- [WHAT IS NEEDED]
The answer must consist of every line from the entries that holds the word "affine".

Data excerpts
lemma slope_eq_0_of_interior_min:
  fixes g :: "real \<Rightarrow> real"
  assumes "u < a" "a < v" and affine: "\<And>x. x \<in> {u..v} \<Longrightarrow> g x = \<alpha> + \<beta> * x"
    and "g a \<le> g u" "g a \<le> g v"
  shows "\<beta> = 0"
proof -
  have "\<beta> * (a - u) \<le> 0" "0 \<le> \<beta> * (v - a)"
    using assms affine[of u] affine[of a] affine[of v] by (simp_all add: algebra_simps)
  then show ?thesis using assms(1,2) by (simp add: mult_le_0_iff zero_le_mult_iff)
qed

lemma D_sum_support_split:
  "(\<Sum>i\<in>{0..3}. D x0 x1 x2 (pp i) * w i) =
      (w 0 * \<bar>x0\<bar> + w 1 * (1 - p1)^2 * \<bar>p1 - x0\<bar> + w 2 * p1^2 * \<bar>1 - p1 - x0\<bar>)
    + 2 * p1 * (1 - p1) * (w 1 * \<bar>p1 - x1\<bar> + w 2 * \<bar>1 - p1 - x1\<bar>)
    + (w 1 * p1^2 * \<bar>p1 - x2\<bar> + w 2 * (1 - p1)^2 * \<bar>1 - p1 - x2\<bar> + w 3 * \<bar>1 - x2\<bar>)"
  by (simp add: sum_atLeast0_atMost_3 pp_def D_expand algebra_simps)

lemma best_response_weights:
  fixes w :: "nat \<Rightarrow> real"
  assumes best: "\<And>x0 x1 x2. x0 \<in> {0..1} \<Longrightarrow> x1 \<in> {0..1} \<Longrightarrow> x2 \<in> {0..1} \<Longrightarrow>
      (\<Sum>i\<in>{0..3}. D a0 (1/2) (1 - a0) (pp i) * w i) \<le> (\<Sum>i\<in>{0..3}. D x0 x1 x2 (pp i) * w i)"
    and total: "sum w {0..3} = 1"
  shows "w 0 = 1/2 - m1" "w 1 = m1" "w 2 = m1" "w 3 = 1/2 - m1"
proof -
  define G0 where "G0 x = w 0 * \<bar>x\<bar> + w 1 * (1 - p1)^2 * \<bar>p1 - x\<bar> + w 2 * p1^2 * \<bar>1 - p1 - x\<bar>" for x
  define G1 where "G1 x = w 1 * \<bar>p1 - x\<bar> + w 2 * \<bar>1 - p1 - x\<bar>" for x
  define G2 where "G2 x = w 1 * p1^2 * \<bar>p1 - x\<bar> + w 2 * (1 - p1)^2 * \<bar>1 - p1 - x\<bar> + w 3 * \<bar>1 - x\<bar>" for x
  have split: "(\<Sum>i\<in>{0..3}. D x0 x1 x2 (pp i) * w i) = G0 x0 + 2 * p1 * (1 - p1) * G1 x1 + G2 x2"
    for x0 x1 x2 unfolding G0_def G1_def G2_def D_sum_support_split ..
  note bounds = a0_bounds p1_bounds guesses_in_unit
  have "0 < 2 * p1 * (1 - p1)" using p1_bounds by simp
  then have min0: "G0 a0 \<le> G0 x" and min1: "G1 (1/2) \<le> G1 x" and min2: "G2 (1 - a0) \<le> G2 x"
    if "x \<in> {0..1}" for x
    using best[of x "1/2" "1 - a0"] best[of a0 x "1 - a0"] best[of a0 "1/2" x] that bounds
    unfolding split by simp_all
  have slope0: "w 0 - w 1 * (1 - p1)^2 - w 2 * p1^2 = 0"
  proof (rule slope_eq_0_of_interior_min[where g=G0 and u=0 and a=a0 and v=p1])
    show "G0 x = (w 1 * (1 - p1)^2 * p1 + w 2 * p1^2 * (1 - p1))
        + (w 0 - w 1 * (1 - p1)^2 - w 2 * p1^2) * x" if "x \<in> {0..p1}" for x
      using that p1_bounds unfolding G0_def by (simp add: algebra_simps)
  qed (use bounds min0 in auto)
  have slope1: "w 1 - w 2 = 0"
  proof (rule slope_eq_0_of_interior_min[where g=G1 and u=p1 and a="1/2" and v="1 - p1"])
    show "G1 x = (w 2 * (1 - p1) - w 1 * p1) + (w 1 - w 2) * x" if "x \<in> {p1..1 - p1}" for x
      using that unfolding G1_def by (simp add: algebra_simps)
  qed (use bounds min1 in auto)
  have slope2: "w 1 * p1^2 + w 2 * (1 - p1)^2 - w 3 = 0"
  proof (rule slope_eq_0_of_interior_min[where g=G2 and u="1 - p1" and a="1 - a0" and v=1])
    show "G2 x = (w 3 - w 1 * p1^3 - w 2 * (1 - p1)^3) + (w 1 * p1^2 + w 2 * (1 - p1)^2 - w 3) * x"
      if "x \<in> {1 - p1..1}" for x
      using that p1_bounds unfolding G2_def by (simp add: algebra_simps power2_eq_square power3_eq_cube)
  qed (use bounds min2 in auto)
  have "w 1 * (p1^2 + (1 - p1)^2 + 1) = 1/2"
    using total slope0 slope1 slope2 by (simp add: sum_atLeast0_atMost_3 algebra_simps)
  moreover have "p1^2 + (1 - p1)^2 + 1 \<noteq> 0"
    using add_nonneg_pos[of "p1^2 + (1 - p1)^2" 1] by simp
  ultimately have w1: "w 1 = m1" using m1_eq by (metis mult_right_cancel)
  then show "w 1 = m1" "w 2 = m1" using slope1 by simp_all
  show "w 0 = 1/2 - m1" "w 3 = 1/2 - m1" using slope0 slope1 slope2 w1 m0_eq by (simp_all add: algebra_simps)
qed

- [REPLY]
  assumes "u < a" "a < v" and affine: "\<And>x. x \<in> {u..v} \<Longrightarrow> g x = \<alpha> + \<beta> * x"
    using assms affine[of u] affine[of a] affine[of v] by (simp_all add: algebra_simps)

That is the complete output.